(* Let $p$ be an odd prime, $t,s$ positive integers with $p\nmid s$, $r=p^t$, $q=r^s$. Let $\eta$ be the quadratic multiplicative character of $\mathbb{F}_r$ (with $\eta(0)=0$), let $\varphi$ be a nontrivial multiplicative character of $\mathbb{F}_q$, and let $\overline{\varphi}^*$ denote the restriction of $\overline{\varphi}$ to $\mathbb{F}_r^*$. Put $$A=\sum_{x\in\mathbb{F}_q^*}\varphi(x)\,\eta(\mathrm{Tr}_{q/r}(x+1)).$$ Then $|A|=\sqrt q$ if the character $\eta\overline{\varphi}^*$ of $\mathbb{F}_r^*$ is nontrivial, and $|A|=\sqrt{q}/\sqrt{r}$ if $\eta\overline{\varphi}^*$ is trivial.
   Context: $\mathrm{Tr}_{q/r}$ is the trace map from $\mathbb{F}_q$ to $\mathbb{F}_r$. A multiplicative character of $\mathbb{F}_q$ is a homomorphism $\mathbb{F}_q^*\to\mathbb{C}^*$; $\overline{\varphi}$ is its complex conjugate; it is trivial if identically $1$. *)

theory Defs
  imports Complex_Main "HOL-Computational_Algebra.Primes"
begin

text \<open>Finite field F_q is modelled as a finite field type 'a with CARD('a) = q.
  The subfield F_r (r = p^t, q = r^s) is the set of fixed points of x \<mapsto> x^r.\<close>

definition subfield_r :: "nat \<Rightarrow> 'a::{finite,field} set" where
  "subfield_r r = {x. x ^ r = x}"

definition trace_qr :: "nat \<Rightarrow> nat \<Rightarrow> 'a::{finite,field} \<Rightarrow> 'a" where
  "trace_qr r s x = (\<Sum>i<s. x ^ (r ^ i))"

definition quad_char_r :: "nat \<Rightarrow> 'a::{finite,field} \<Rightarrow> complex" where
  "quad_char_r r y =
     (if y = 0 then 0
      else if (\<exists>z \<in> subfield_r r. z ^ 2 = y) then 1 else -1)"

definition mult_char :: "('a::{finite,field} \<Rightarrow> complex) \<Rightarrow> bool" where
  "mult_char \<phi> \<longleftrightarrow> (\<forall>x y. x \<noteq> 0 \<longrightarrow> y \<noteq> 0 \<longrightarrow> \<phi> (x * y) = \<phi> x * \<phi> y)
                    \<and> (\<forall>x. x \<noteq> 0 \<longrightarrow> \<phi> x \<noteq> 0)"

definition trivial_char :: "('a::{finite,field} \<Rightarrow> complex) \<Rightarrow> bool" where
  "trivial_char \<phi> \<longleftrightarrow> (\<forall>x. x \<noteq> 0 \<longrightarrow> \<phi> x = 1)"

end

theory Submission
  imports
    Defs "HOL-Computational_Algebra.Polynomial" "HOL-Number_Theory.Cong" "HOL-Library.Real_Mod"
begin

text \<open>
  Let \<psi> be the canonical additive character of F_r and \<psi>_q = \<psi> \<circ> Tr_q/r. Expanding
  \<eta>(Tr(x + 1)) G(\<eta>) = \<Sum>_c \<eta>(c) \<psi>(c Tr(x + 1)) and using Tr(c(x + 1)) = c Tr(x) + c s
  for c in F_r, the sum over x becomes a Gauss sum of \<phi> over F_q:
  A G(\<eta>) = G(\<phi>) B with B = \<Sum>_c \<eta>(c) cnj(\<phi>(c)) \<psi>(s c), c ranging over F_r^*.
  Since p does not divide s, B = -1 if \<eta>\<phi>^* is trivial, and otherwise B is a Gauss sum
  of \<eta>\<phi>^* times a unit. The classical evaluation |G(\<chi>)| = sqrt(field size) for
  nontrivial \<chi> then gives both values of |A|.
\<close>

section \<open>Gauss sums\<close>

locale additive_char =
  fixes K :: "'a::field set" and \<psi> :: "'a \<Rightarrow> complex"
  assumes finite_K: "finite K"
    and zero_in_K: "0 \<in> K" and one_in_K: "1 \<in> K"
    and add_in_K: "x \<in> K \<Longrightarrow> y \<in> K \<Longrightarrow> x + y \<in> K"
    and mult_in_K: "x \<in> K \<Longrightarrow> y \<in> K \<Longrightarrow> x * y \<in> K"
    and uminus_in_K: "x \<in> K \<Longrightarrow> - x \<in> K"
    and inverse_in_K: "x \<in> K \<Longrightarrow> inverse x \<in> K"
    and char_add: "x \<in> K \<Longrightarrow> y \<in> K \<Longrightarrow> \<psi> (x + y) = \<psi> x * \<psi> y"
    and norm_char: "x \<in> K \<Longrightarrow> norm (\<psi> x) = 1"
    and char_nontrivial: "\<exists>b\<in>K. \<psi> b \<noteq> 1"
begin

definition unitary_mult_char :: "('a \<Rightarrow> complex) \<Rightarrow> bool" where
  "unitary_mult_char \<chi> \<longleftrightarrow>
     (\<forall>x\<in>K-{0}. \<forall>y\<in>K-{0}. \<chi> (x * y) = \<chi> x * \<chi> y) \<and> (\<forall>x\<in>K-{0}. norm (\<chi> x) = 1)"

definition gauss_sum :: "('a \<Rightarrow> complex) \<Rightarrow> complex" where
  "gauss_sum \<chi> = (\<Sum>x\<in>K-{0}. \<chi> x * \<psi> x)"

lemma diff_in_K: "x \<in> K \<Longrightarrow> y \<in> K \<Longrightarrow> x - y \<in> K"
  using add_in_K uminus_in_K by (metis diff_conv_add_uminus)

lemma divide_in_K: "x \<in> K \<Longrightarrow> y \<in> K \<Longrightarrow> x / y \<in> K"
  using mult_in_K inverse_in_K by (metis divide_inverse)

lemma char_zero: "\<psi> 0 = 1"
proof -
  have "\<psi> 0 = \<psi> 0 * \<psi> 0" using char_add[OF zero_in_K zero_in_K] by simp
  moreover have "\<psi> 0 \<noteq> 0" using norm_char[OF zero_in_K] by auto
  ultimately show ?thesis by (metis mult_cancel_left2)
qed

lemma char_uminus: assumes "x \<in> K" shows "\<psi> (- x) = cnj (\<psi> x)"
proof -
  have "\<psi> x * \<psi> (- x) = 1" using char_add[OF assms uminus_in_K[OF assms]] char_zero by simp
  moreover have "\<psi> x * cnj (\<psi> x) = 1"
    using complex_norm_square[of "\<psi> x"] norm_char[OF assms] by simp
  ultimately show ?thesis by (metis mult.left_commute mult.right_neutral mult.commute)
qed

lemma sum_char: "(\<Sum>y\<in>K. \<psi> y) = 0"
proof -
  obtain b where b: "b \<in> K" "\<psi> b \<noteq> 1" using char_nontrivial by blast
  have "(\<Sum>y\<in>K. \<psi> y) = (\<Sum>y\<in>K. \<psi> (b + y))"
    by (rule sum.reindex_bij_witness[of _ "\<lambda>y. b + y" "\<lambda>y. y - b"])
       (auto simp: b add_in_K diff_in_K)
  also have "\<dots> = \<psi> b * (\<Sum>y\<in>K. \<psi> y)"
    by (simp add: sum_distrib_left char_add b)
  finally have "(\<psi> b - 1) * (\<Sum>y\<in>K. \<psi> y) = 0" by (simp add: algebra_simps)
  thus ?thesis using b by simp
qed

════════

Take every line from the records that holds "assumes" and copy it down.

Solution below
  assumes finite_K: "finite K"
lemma char_uminus: assumes "x \<in> K" shows "\<psi> (- x) = cnj (\<psi> x)"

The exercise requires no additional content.